Start of Block

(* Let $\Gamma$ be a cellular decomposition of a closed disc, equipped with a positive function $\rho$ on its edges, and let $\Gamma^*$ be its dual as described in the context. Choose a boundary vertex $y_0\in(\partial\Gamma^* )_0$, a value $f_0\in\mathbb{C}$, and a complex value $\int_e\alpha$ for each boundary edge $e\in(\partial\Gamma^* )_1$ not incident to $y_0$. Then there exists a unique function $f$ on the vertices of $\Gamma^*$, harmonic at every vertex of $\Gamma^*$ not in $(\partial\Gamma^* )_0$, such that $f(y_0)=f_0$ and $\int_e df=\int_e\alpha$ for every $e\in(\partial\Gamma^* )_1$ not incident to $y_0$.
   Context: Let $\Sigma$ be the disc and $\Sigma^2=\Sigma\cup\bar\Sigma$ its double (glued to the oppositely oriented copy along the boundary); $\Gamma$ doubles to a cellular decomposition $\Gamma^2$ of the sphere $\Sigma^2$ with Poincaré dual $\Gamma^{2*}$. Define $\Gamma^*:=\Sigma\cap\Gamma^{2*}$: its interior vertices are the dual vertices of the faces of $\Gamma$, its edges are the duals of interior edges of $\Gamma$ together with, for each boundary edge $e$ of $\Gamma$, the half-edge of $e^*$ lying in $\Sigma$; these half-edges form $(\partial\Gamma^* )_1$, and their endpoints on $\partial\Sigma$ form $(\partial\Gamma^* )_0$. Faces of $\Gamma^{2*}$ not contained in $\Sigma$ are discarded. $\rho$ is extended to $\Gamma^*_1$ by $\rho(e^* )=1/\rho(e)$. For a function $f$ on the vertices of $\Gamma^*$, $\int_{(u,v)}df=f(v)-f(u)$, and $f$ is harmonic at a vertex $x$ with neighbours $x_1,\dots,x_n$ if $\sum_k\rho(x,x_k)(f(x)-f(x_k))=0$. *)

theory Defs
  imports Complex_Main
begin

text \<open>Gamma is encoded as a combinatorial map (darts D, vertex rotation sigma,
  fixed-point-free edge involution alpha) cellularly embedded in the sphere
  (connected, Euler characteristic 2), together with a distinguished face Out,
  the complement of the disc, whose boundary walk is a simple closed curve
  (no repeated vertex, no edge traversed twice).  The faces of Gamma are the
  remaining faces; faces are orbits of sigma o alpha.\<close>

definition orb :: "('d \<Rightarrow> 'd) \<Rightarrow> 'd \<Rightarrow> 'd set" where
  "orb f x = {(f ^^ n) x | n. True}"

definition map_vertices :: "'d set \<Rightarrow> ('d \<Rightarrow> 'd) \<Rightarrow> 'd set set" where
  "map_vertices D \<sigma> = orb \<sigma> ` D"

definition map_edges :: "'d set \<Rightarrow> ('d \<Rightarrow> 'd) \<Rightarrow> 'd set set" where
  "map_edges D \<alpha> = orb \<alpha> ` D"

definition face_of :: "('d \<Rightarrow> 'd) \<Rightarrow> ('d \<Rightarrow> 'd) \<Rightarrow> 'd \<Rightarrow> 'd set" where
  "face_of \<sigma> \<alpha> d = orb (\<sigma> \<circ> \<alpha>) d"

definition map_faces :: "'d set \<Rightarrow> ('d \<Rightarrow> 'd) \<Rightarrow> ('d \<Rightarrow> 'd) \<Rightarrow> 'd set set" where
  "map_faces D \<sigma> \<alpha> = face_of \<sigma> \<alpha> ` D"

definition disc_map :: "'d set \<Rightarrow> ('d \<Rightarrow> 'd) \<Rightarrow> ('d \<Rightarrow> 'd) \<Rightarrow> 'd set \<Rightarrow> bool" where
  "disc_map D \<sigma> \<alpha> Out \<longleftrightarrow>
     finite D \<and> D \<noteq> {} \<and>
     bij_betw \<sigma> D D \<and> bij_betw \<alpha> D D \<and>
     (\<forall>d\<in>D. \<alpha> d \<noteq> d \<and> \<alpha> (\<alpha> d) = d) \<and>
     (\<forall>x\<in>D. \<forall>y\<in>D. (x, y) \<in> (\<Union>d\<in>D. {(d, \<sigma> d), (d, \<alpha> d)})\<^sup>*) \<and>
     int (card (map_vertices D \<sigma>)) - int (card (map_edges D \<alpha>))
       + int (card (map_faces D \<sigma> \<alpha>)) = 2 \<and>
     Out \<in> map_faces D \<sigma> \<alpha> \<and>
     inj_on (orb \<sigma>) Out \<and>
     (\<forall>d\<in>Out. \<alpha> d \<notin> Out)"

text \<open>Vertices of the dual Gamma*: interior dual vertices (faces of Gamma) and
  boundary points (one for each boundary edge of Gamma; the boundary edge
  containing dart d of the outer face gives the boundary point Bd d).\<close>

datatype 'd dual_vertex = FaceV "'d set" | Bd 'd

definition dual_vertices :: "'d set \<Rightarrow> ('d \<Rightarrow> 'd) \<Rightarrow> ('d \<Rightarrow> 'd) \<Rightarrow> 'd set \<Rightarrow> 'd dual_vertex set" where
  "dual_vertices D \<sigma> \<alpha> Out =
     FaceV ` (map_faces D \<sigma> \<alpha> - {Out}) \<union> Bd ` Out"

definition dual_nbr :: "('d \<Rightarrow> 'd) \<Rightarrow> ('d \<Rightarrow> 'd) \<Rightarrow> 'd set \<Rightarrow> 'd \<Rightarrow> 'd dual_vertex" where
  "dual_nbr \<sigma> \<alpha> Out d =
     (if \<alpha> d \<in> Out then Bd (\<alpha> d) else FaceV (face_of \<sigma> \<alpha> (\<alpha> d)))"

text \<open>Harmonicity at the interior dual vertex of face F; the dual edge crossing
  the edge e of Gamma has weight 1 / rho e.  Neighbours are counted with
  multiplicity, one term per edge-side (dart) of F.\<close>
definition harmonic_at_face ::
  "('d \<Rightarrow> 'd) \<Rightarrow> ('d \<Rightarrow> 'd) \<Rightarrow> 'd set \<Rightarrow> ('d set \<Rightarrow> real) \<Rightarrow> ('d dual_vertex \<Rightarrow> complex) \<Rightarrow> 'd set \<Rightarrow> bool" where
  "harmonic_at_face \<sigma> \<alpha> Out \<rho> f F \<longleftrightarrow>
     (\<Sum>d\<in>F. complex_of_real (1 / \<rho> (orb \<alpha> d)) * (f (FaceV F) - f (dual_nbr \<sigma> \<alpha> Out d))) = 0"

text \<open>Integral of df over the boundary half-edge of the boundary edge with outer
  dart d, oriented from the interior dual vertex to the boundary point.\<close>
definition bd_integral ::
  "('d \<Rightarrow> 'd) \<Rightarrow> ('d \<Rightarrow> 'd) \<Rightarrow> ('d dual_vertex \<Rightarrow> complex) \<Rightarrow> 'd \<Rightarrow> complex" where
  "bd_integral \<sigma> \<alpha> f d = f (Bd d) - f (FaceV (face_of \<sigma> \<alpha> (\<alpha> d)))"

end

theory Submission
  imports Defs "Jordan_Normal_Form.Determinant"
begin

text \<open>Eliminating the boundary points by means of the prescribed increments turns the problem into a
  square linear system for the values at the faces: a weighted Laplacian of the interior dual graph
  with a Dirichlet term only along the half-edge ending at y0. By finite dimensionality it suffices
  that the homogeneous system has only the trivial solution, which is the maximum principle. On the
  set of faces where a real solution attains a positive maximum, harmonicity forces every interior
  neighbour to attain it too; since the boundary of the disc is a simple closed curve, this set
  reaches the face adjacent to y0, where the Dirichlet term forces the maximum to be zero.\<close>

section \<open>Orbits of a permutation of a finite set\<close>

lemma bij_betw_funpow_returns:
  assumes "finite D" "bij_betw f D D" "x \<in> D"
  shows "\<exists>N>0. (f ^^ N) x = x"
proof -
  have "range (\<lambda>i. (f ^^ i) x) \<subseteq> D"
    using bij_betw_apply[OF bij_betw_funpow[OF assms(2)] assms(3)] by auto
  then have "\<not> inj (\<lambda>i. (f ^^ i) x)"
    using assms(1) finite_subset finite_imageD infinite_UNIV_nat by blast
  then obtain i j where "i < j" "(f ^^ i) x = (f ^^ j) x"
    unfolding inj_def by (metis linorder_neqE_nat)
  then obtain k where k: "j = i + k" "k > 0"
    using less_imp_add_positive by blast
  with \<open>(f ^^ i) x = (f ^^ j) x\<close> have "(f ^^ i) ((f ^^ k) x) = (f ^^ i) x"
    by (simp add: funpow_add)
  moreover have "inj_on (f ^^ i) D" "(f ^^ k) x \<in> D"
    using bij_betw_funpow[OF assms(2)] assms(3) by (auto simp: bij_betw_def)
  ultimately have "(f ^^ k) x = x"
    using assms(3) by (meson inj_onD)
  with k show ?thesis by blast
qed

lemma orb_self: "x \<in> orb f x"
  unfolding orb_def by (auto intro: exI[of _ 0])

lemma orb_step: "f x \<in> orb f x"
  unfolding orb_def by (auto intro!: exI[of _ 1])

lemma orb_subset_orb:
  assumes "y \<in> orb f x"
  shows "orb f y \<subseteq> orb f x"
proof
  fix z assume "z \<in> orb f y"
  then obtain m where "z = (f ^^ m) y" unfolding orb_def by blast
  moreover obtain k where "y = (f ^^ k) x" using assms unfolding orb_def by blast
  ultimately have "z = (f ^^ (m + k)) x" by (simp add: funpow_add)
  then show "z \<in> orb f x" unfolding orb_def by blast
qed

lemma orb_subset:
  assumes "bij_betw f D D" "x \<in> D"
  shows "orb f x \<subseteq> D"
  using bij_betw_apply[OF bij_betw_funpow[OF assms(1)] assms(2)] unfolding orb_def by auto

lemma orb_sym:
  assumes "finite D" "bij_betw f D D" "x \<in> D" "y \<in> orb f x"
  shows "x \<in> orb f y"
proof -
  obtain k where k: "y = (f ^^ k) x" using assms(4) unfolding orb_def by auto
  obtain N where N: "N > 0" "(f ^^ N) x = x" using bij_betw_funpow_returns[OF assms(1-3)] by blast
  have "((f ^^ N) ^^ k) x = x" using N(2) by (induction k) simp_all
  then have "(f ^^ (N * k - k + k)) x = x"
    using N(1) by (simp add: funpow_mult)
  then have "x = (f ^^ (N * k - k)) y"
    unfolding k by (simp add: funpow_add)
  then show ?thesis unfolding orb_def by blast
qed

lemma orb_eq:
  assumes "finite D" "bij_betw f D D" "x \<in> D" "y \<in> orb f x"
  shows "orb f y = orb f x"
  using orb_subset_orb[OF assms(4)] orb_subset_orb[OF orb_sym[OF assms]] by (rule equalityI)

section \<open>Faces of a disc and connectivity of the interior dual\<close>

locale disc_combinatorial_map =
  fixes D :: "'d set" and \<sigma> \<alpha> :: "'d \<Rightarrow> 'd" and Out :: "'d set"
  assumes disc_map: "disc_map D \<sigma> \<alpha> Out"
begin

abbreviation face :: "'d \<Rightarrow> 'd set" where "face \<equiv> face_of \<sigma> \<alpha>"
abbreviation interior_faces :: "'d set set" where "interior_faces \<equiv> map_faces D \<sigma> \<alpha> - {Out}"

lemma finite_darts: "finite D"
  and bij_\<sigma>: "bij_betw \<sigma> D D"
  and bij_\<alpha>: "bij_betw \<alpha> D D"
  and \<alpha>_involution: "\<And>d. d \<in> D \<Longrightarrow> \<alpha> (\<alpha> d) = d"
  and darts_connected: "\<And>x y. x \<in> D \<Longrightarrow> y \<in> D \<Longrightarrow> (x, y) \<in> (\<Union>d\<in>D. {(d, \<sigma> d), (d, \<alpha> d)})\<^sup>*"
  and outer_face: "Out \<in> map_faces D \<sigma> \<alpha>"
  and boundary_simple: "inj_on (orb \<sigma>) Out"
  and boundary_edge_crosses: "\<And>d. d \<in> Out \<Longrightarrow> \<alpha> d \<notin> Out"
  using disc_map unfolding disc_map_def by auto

End of Block
Start of Block

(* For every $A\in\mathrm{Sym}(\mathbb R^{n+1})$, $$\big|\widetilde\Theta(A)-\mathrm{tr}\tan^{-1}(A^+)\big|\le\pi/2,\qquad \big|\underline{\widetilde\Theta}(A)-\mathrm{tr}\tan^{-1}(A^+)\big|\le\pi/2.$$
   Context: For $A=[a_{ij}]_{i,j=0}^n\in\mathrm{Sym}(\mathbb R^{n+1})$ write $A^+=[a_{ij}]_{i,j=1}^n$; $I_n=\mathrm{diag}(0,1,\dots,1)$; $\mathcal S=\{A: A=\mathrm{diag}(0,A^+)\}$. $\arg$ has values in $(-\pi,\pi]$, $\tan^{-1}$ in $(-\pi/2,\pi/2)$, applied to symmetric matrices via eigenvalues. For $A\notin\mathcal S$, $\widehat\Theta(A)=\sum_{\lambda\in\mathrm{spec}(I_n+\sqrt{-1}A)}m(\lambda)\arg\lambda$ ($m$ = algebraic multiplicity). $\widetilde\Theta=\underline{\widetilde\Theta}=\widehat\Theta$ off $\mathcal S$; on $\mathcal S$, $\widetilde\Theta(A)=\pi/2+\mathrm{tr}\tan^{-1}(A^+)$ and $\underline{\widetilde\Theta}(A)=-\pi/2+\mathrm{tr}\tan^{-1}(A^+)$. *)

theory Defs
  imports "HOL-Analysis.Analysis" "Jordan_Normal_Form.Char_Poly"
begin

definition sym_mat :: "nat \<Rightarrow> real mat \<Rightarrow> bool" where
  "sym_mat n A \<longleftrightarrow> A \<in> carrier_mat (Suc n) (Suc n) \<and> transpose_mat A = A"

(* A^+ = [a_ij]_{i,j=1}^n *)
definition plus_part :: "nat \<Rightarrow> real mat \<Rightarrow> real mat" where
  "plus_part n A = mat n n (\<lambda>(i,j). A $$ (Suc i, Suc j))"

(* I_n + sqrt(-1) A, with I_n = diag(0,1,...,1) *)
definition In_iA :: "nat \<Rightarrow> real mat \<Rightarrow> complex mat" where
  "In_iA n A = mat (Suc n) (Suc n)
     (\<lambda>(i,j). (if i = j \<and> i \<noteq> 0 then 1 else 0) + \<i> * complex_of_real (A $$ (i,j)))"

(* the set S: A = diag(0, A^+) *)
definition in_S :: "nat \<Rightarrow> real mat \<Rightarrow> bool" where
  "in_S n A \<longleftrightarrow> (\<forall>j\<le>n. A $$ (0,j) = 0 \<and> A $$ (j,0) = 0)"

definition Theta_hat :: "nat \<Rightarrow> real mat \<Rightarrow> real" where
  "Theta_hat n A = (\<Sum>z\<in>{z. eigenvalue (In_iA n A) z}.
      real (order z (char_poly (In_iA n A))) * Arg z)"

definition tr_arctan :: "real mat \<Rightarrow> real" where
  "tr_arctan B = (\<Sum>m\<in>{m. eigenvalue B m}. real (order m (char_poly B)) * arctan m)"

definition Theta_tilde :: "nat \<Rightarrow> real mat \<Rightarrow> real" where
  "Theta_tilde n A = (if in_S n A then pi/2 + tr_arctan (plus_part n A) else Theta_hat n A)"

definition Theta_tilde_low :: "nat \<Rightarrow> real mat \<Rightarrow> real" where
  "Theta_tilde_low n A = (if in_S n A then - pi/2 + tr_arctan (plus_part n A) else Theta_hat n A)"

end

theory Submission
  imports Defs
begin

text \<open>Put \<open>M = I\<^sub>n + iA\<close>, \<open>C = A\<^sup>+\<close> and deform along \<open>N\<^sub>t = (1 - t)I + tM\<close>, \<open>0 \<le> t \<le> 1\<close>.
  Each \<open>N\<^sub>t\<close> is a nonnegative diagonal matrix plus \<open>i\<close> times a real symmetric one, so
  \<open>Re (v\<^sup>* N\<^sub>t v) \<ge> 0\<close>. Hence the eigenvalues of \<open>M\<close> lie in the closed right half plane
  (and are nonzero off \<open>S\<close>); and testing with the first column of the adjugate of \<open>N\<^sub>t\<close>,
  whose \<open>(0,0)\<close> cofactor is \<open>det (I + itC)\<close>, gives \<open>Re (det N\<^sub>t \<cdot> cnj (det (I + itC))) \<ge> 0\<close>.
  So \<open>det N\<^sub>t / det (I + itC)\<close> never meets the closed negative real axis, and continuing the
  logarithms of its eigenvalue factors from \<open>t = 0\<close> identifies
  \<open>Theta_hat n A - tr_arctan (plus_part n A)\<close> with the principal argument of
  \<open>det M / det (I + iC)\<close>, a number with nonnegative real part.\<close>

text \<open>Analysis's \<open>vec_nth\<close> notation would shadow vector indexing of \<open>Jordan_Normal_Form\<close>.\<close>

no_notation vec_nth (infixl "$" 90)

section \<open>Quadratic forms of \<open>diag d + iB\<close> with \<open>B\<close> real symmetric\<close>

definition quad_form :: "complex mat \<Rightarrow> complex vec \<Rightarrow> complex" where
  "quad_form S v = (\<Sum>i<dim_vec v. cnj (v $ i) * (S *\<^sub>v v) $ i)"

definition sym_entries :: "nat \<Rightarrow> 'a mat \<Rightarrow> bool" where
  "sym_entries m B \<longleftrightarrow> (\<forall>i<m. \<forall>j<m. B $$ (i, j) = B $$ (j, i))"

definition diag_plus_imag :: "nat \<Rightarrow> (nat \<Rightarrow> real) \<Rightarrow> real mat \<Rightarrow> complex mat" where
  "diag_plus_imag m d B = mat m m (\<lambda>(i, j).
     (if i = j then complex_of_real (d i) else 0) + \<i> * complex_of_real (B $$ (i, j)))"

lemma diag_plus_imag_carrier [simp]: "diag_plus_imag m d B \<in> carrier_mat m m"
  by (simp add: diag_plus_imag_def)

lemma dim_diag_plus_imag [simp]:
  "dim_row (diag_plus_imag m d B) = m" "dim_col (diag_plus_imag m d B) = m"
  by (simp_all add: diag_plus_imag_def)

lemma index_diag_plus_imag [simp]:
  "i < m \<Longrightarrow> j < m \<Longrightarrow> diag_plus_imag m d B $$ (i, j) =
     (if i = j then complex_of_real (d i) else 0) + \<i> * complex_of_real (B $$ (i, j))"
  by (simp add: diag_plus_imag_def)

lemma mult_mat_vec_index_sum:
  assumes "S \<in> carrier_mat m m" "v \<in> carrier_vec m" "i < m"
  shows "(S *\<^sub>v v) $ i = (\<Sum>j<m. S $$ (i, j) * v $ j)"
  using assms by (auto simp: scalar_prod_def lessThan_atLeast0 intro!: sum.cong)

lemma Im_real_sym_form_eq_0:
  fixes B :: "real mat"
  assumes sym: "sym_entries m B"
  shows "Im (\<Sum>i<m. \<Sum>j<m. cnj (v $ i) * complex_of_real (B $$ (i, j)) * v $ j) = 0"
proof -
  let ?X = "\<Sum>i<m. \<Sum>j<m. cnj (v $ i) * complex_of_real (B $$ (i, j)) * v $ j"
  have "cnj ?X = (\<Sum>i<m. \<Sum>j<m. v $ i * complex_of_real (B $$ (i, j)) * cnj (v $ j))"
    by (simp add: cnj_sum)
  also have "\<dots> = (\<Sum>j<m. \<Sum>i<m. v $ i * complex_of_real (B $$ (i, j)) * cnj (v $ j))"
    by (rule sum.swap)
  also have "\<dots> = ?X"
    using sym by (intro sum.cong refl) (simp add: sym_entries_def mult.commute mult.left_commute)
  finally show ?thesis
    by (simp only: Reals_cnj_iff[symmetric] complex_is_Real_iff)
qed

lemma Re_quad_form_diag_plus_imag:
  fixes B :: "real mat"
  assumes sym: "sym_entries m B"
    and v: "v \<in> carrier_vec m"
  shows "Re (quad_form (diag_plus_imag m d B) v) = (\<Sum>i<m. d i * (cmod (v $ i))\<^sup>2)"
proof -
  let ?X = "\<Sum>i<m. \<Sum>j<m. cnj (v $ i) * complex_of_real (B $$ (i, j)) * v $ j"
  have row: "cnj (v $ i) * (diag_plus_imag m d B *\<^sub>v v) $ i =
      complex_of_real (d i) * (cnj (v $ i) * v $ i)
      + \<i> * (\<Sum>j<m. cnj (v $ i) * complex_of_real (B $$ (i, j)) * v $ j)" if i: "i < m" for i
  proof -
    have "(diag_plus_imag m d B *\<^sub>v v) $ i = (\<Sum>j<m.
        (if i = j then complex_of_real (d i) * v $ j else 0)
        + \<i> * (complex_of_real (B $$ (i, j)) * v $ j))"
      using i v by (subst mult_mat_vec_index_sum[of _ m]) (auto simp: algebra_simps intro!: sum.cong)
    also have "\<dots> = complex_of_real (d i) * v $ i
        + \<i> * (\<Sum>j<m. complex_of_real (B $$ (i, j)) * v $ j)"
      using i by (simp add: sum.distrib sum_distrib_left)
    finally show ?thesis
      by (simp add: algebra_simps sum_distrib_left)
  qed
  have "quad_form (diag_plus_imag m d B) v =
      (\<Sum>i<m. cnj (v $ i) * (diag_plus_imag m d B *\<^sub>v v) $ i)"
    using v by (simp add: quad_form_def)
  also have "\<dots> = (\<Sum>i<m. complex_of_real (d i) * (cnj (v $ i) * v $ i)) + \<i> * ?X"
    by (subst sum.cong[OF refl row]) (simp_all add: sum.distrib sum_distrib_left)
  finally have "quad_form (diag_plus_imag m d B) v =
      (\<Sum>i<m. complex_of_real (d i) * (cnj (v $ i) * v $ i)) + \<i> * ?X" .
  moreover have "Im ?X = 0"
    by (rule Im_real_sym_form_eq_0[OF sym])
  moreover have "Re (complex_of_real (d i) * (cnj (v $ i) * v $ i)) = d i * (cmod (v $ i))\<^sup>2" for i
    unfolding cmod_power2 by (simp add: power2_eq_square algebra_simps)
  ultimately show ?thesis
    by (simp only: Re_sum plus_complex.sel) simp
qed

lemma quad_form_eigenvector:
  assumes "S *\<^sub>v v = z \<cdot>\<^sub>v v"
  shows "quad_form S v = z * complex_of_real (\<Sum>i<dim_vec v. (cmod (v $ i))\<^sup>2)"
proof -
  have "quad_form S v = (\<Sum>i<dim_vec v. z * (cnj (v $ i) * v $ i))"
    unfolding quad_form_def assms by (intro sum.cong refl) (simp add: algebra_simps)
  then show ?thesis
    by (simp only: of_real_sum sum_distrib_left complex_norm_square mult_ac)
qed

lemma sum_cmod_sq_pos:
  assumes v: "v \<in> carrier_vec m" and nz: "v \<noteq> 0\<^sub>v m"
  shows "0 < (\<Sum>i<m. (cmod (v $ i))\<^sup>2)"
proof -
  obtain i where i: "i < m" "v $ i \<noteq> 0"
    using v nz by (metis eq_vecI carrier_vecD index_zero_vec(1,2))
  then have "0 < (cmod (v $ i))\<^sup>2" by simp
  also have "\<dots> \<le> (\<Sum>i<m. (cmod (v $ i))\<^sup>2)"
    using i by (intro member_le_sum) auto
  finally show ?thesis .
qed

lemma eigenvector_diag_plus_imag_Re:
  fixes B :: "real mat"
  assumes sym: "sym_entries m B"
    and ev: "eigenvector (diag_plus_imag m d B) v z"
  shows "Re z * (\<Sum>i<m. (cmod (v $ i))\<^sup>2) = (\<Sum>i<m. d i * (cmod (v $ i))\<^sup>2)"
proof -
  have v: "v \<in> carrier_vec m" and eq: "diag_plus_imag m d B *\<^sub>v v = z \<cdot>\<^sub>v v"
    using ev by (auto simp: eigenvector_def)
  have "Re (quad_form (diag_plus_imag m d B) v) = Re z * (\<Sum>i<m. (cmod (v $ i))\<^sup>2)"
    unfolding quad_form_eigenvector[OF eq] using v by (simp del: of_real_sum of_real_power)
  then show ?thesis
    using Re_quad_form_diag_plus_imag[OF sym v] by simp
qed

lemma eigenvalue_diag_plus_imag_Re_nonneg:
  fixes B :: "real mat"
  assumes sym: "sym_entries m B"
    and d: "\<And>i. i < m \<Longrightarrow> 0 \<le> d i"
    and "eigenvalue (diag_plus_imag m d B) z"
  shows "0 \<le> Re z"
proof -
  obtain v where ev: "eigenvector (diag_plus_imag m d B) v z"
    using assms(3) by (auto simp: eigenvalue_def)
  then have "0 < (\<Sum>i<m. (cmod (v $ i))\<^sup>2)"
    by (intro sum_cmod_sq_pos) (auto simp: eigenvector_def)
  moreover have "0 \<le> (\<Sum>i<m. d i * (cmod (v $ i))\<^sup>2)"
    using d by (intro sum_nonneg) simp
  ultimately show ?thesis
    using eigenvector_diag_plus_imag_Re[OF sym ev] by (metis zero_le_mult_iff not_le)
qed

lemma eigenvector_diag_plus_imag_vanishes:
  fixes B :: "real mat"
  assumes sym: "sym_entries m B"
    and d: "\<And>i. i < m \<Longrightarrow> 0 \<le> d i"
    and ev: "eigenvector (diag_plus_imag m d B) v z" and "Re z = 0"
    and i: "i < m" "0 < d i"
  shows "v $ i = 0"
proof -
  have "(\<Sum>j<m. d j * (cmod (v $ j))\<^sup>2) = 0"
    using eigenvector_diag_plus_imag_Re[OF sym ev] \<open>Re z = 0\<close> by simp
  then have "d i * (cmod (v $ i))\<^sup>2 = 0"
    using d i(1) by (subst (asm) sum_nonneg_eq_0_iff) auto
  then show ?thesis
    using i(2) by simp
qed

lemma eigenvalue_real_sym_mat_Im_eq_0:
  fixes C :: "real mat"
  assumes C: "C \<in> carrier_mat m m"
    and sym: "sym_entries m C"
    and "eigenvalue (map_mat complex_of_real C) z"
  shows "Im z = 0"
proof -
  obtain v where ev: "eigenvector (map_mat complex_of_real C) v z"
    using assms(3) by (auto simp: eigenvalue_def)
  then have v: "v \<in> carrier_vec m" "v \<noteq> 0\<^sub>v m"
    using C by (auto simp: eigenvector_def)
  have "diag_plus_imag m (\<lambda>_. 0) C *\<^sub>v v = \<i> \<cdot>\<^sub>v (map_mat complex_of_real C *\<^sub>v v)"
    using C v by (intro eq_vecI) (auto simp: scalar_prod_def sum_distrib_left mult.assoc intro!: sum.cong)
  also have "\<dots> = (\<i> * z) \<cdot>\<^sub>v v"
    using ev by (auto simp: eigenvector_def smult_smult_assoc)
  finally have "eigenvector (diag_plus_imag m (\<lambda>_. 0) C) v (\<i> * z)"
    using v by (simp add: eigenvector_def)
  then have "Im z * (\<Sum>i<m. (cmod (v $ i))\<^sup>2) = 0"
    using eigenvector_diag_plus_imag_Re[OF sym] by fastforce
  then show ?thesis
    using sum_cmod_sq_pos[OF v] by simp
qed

End of Block

■ What is being asked:
Scan the records for the word "abbreviation". Copy each line where it turns up.

■ Reply:
abbreviation face :: "'d \<Rightarrow> 'd set" where "face \<equiv> face_of \<sigma> \<alpha>"
abbreviation interior_faces :: "'d set set" where "interior_faces \<equiv> map_faces D \<sigma> \<alpha> - {Out}"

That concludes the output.